Der bereits in den 80er Jahren als Film umgesetzte Stoff von George R.R. Martins Science-Fiction Storys Nightflyers schafft es erneut auf den Bildschirm. Dies in Form einer von SyFy umgesetzten Serie, welche in Deutschland in naher Zukunft auf Netflix laufen soll.

Lest in unserer Nightflyers Kritik, ob sich ein Blick lohnt oder ihr die Schotten eures Raumschiffs lieber verschlossen halten solltet.

 

Nightflyers Handlung:

Die Serie startet mit einem Flash Forward, was dem Zuschauer allerings erst später klar wird. Wir sehen Dr. Agatha Matheson, eine (oder vermutlich die letzte) Überlebende eines Ereignisses auf dem Raumschiff ‚Nightflyer‘, die von ihrem Kollegen Rowan mit einer Axt gejagt wird. Gerade so schafft sie es, eine Warnung ins All zu schicken mit dem Inhalt, die ‚Nightflyer‘ weder jemals wieder zu betreten, noch sie zur Erde zurück zu bringen. Da ihre Situation auswegslos scheint nimmt sie sich anschließend selbst das Leben, indem sie sich mit einer Säge den Hals aufschneidet.

Es folgt ein Zeitsprung in die Vergangenheit. Wir sehen die Erde im Jahr 2092 / 2093, welche durch den Einfluss der Menschen ihre Ressourcen erschöpft hat. Ein großer Teil des Planeten ist mittlerweile von Wasser bedeckt und der letzte Ausweg scheint es zu sein ein Raumschiff auszusenden um mit den außerirdischen Lebensformen „Volcryn“ Kontakt aufnehmen. Deren Anwesenheit ist der Menschheit wohl schon eine Zeit bekannt, allerdings haben die Aliens bisher auf keinen einzigen Kommunikationsversuch der Menschen reagiert. Um dies zu ändern wird ein Team an Bord der ‚Nightflyer‘ entsandt, welches unter anderem auch den in Gefangenschaft lebenden Telepathen Thale beinhaltet. Da in der Nähe der Außerirdischen ähnliche Energieströme gemessen wurden wie bei Telepathen, erhofft sich die Mannschaft über Thale eine Verbindung herstellen zu können.
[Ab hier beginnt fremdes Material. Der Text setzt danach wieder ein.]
lemma ex_admissible_opt_preserving_iff:
  fixes tau :: "'s::finite \<Rightarrow> 'a::finite \<Rightarrow> 's pmf"
  assumes "0 \<le> \<gamma>" "\<gamma> < 1"
  shows "(\<exists>Ob \<in> admissible_O g tau mu0 \<gamma> R. opt_preserving tau \<gamma> Ob R R') \<longleftrightarrow>
    opt_actions tau \<gamma> R' \<in> admissible_O g tau mu0 \<gamma> R"
proof
  assume "\<exists>Ob \<in> admissible_O g tau mu0 \<gamma> R. opt_preserving tau \<gamma> Ob R R'"
  then obtain Ob where Ob: "Ob \<in> admissible_O g tau mu0 \<gamma> R" "opt_preserving tau \<gamma> Ob R R'"
    by blast
  then have "Ob = opt_actions tau \<gamma> R'"
    using opt_preserving_iff_eq_opt_actions[OF assms, of Ob] unfolding admissible_O_def by simp
  then show "opt_actions tau \<gamma> R' \<in> admissible_O g tau mu0 \<gamma> R"
    using Ob(1) by simp
next
  assume "opt_actions tau \<gamma> R' \<in> admissible_O g tau mu0 \<gamma> R"
  moreover have "opt_preserving tau \<gamma> (opt_actions tau \<gamma> R') R R'"
    using opt_preserving_iff_eq_opt_actions[OF assms] opt_actions_nonempty[OF assms, of tau R']
    by blast
  ultimately show "\<exists>Ob \<in> admissible_O g tau mu0 \<gamma> R. opt_preserving tau \<gamma> Ob R R'"
    by blast
qed

theorem theorem3p8:
  fixes tau :: "'s::finite \<Rightarrow> 'a::finite \<Rightarrow> 's pmf"
    and mu0 :: "'s pmf"
    and \<gamma> :: real
    and g :: "'a set \<Rightarrow> 'a pmf"
    and R R' :: "'s \<Rightarrow> 'a \<Rightarrow> 's \<Rightarrow> real"
  assumes "0 < \<gamma>" and "\<gamma> < 1"
    and "selection_rule g"
  shows "traj_dist g tau mu0 \<gamma> R = traj_dist g tau mu0 \<gamma> R' \<longleftrightarrow>
         (\<exists>Ob \<in> admissible_O g tau mu0 \<gamma> R. opt_preserving tau \<gamma> Ob R R')"
proof -
  have discount: "0 \<le> \<gamma>" "\<gamma> < 1"
    using assms(1,2) by simp_all
  have "traj_dist g tau mu0 \<gamma> R = traj_dist g tau mu0 \<gamma> R' \<longleftrightarrow>
      (\<forall>s \<in> visited_states g tau mu0 \<gamma> R. opt_actions tau \<gamma> R' s = opt_actions tau \<gamma> R s)"
    by (rule traj_dist_eq_iff[OF assms(3) discount])
  also have "\<dots> \<longleftrightarrow> opt_actions tau \<gamma> R' \<in> admissible_O g tau mu0 \<gamma> R"
    using opt_actions_nonempty[OF discount, of tau R'] unfolding admissible_O_def by blast
  also have "\<dots> \<longleftrightarrow> (\<exists>Ob \<in> admissible_O g tau mu0 \<gamma> R. opt_preserving tau \<gamma> Ob R R')"
    by (rule ex_admissible_opt_preserving_iff[OF discount, symmetric])
  finally show ?thesis .
qed

end
definition is_obs :: "'v \<Rightarrow> ('v,'a) ftrace set \<Rightarrow> bool" where
  "is_obs Hvar S \<longleftrightarrow> finite S \<and> deterministic_fin Hvar S"

definition concat_trace :: "('v,'a) ftrace \<Rightarrow> ('v,'a) itrace \<Rightarrow> ('v,'a) itrace" where
  "concat_trace t t' = (\<lambda>i. if i < length t then t ! i else t' (i - length t))"

definition prefix_le :: "('v,'a) ftrace set \<Rightarrow> ('v,'a) itrace set \<Rightarrow> bool" where
  "prefix_le S T \<longleftrightarrow> (\<forall>t\<in>S. \<exists>t'. concat_trace t t' \<in> T)"

definition liveness :: "'v \<Rightarrow> ('v,'a) itrace set set \<Rightarrow> bool" where
  "liveness Hvar P \<longleftrightarrow> P \<subseteq> {M. is_program Hvar M} \<and>
     (\<forall>S. is_obs Hvar S \<longrightarrow> (\<exists>S'. is_program Hvar S' \<and> prefix_le S S' \<and> S' \<in> P))"

definition liveness_pairs :: "'v \<Rightarrow> (('v,'a) itrace set \<times> rat) set \<Rightarrow> bool" where
  "liveness_pairs Hvar P \<longleftrightarrow> (\<forall>q. liveness Hvar {M. (M, q) \<in> P})"

definition out_trace :: "'v \<Rightarrow> 'v \<Rightarrow> ('v,'a) itrace set \<Rightarrow> 'a \<Rightarrow> nat \<Rightarrow> 'a" where
  "out_trace Hvar Ovar M h = (\<lambda>i. (THE t. t \<in> M \<and> t 0 Hvar = h) (Suc i) Ovar)"

(* termination-insensitive observation: M(h) = o *)
definition obs_eq :: "'a \<Rightarrow> (nat \<Rightarrow> 'a) \<Rightarrow> (nat \<Rightarrow> 'a) \<Rightarrow> bool" where
  "obs_eq botv m ob \<longleftrightarrow> (\<forall>i. ob i = botv \<or> m i = botv \<or> m i = ob i)"

definition outputs :: "'v \<Rightarrow> 'v \<Rightarrow> ('v,'a) itrace set \<Rightarrow> (nat \<Rightarrow> 'a) set" where
  "outputs Hvar Ovar M = out_trace Hvar Ovar M ` input_domain Hvar M"

definition prob_O :: "'v \<Rightarrow> 'v \<Rightarrow> 'a \<Rightarrow> ('v,'a) itrace set \<Rightarrow> ('a \<Rightarrow> real) \<Rightarrow> (nat \<Rightarrow> 'a) \<Rightarrow> real" where
  "prob_O Hvar Ovar botv M mu ob = (\<Sum>h\<in>{h \<in> input_domain Hvar M. obs_eq botv (out_trace Hvar Ovar M h) ob}. mu h)"

definition cond_H :: "'v \<Rightarrow> 'v \<Rightarrow> 'a \<Rightarrow> ('v,'a) itrace set \<Rightarrow> ('a \<Rightarrow> real) \<Rightarrow> (nat \<Rightarrow> 'a) \<Rightarrow> 'a \<Rightarrow> real" where
  "cond_H Hvar Ovar botv M mu ob h =
     (if obs_eq botv (out_trace Hvar Ovar M h) ob then mu h else 0) / prob_O Hvar Ovar botv M mu ob"

definition uniform :: "'v \<Rightarrow> ('v,'a) itrace set \<Rightarrow> 'a \<Rightarrow> real" where
  "uniform Hvar M h = (if h \<in> input_domain Hvar M then 1 / real (card (input_domain Hvar M)) else 0)"

definition shannon :: "'b set \<Rightarrow> ('b \<Rightarrow> real) \<Rightarrow> real" where
  "shannon A p = (\<Sum>x\<in>A. p x * log 2 (1 / p x))"

definition vuln :: "'b set \<Rightarrow> ('b \<Rightarrow> real) \<Rightarrow> real" where
  "vuln A p = Max (p ` A)"

definition guessing :: "'b set \<Rightarrow> ('b \<Rightarrow> real) \<Rightarrow> real" where
  "guessing A p = (let xs = rev (sorted_list_of_multiset (image_mset p (mset_set A)))
                   in (\<Sum>i<length xs. real (Suc i) * xs ! i))"

definition SE :: "'v \<Rightarrow> 'v \<Rightarrow> 'a \<Rightarrow> ('a \<Rightarrow> real) \<Rightarrow> ('v,'a) itrace set \<Rightarrow> real" where
  "SE Hvar Ovar botv mu M =
     shannon (input_domain Hvar M) mu
     - (\<Sum>ob\<in>outputs Hvar Ovar M. prob_O Hvar Ovar botv M mu ob * shannon (input_domain Hvar M) (cond_H Hvar Ovar botv M mu ob))"

definition ME :: "'v \<Rightarrow> 'v \<Rightarrow> 'a \<Rightarrow> ('a \<Rightarrow> real) \<Rightarrow> ('v,'a) itrace set \<Rightarrow> real" where
  "ME Hvar Ovar botv mu M =
     log 2 (1 / vuln (input_domain Hvar M) mu)
     - log 2 (1 / (\<Sum>ob\<in>outputs Hvar Ovar M. prob_O Hvar Ovar botv M mu ob * vuln (input_domain Hvar M) (cond_H Hvar Ovar botv M mu ob)))"

definition GE :: "'v \<Rightarrow> 'v \<Rightarrow> 'a \<Rightarrow> ('a \<Rightarrow> real) \<Rightarrow> ('v,'a) itrace set \<Rightarrow> real" where
  "GE Hvar Ovar botv mu M =
     guessing (input_domain Hvar M) mu
     - (\<Sum>ob\<in>outputs Hvar Ovar M. prob_O Hvar Ovar botv M mu ob * guessing (input_domain Hvar M) (cond_H Hvar Ovar botv M mu ob))"

definition L_SE :: "'v \<Rightarrow> 'v \<Rightarrow> 'a \<Rightarrow> (('v,'a) itrace set \<times> rat) set" where
  "L_SE Hvar Ovar botv = {(M, q). is_program Hvar M \<and> SE Hvar Ovar botv (uniform Hvar M) M > real_of_rat q}"

definition L_ME :: "'v \<Rightarrow> 'v \<Rightarrow> 'a \<Rightarrow> (('v,'a) itrace set \<times> rat) set" where
  "L_ME Hvar Ovar botv = {(M, q). is_program Hvar M \<and> ME Hvar Ovar botv (uniform Hvar M) M > real_of_rat q}"

definition L_GE :: "'v \<Rightarrow> 'v \<Rightarrow> 'a \<Rightarrow> (('v,'a) itrace set \<times> rat) set" where
  "L_GE Hvar Ovar botv = {(M, q). is_program Hvar M \<and> GE Hvar Ovar botv (uniform Hvar M) M > real_of_rat q}"

end

theory Submission
  imports Defs
begin

text \<open>Every observation can be extended to a program with arbitrarily many inputs, each of
which writes its own fresh value, distinct from the termination symbol, to the output once
all traces of the observation have ended. Such a program reveals its input completely, so
under the uniform prior on \<open>n\<close> inputs it leaks \<open>SE = ME = log n\<close> and \<open>GE = (n - 1)/2\<close>;
both grow without bound.\<close>

lemma obs_eq_refl: "obs_eq botv m m"
  unfolding obs_eq_def by simp

lemma image_mset_mset_set_const:
  assumes "\<forall>x\<in>A. p x = c"
  shows "image_mset p (mset_set A) = replicate_mset (card A) c"
proof (cases "finite A")
  case True
  then have "image_mset p (mset_set A) = image_mset (\<lambda>_. c) (mset_set A)"
    using assms by (intro image_mset_cong) simp
  then show ?thesis by (simp add: image_mset_const_eq)
qed simp

lemma guessing_const:
  assumes "\<forall>x\<in>A. p x = c"
  shows "guessing A p = c * (real (card A) * (real (card A) + 1) / 2)"
proof -
  have "rev (sorted_list_of_multiset (image_mset p (mset_set A))) = replicate (card A) c"
    using image_mset_mset_set_const[OF assms]
    by (metis mset_replicate rev_replicate sort_replicate sorted_list_of_multiset_mset)
  moreover have "(\<Sum>i<n. real (Suc i) * c) = c * (real n * (real n + 1) / 2)" for n
    by (induction n) (auto simp: algebra_simps)
  ultimately show ?thesis
    unfolding guessing_def Let_def by simp
qed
Die Telepathen, in der Serie ‚L-1‘ genannt werden, scheinen allerdings nicht sonderlich gut beim Rest der Menschheit anzukommen. Durch ihre übermenschlichen Kräfte fürchten sich viele Menschen vor ihnen und ihren Fähigkeiten. So auch die Crew der ‚Nightflyer‘, welcher die Anwesenheit des L-1 vorerst verschwiegen bleibt. Als dieser innerhalb des Schiffs transportiert werden muss kommt es zu den ersten Auseinandersetzungen, bei denen Thale auch einen kleinen Teil seiner Kräfte präsentiert.

Unterdessen lernen wir diverse Charaktere kennen wie den Astrophysiker Karl D’Branin, welcher bislang als Hauptcharakter der Serie präsentiert wird. Was dies allerdings in einer auf Geschichten von George R.R. Martin basierenden Serie bedeuten kann, dürfte jedem klar sein. Darüber hinaus machen wir Bekanntschaft mit der genetisch für Weltraumreisen modifizierte Melantha, der Psychologin Dr. Matheson welche Thale betreut (und in der aller ersten Szene die Nachricht ins All geschickt hatte), der Schiffstechnikerin Lommie, welche über einen Neuro-Port mit dem Schiff kommuniziert sowie dem dubiosen Captain des Schiffs Roy Eris, welcher bislang nur in Form eines Hologramms auftritt und seine Crew scheinbar gerne durch überall angebrachte Kameras beobachtet, wie wir es schon von der KI ‚HAL 9000‘ aus ‚2001: A Space Odyssey‘ kennen. Zudem sehen wir den etwas seltsamen aber keineswegs mordlustigen Xenobiologe Rowan, welcher bereits in der Anfangsszene als Mörder zu sehen war. Es bleibt also zu vermuten, welche Handlungen Rowan später zu seinem Amoklauf verleiten, oder ob er nicht gar telepathisch fremdgesteuert wird.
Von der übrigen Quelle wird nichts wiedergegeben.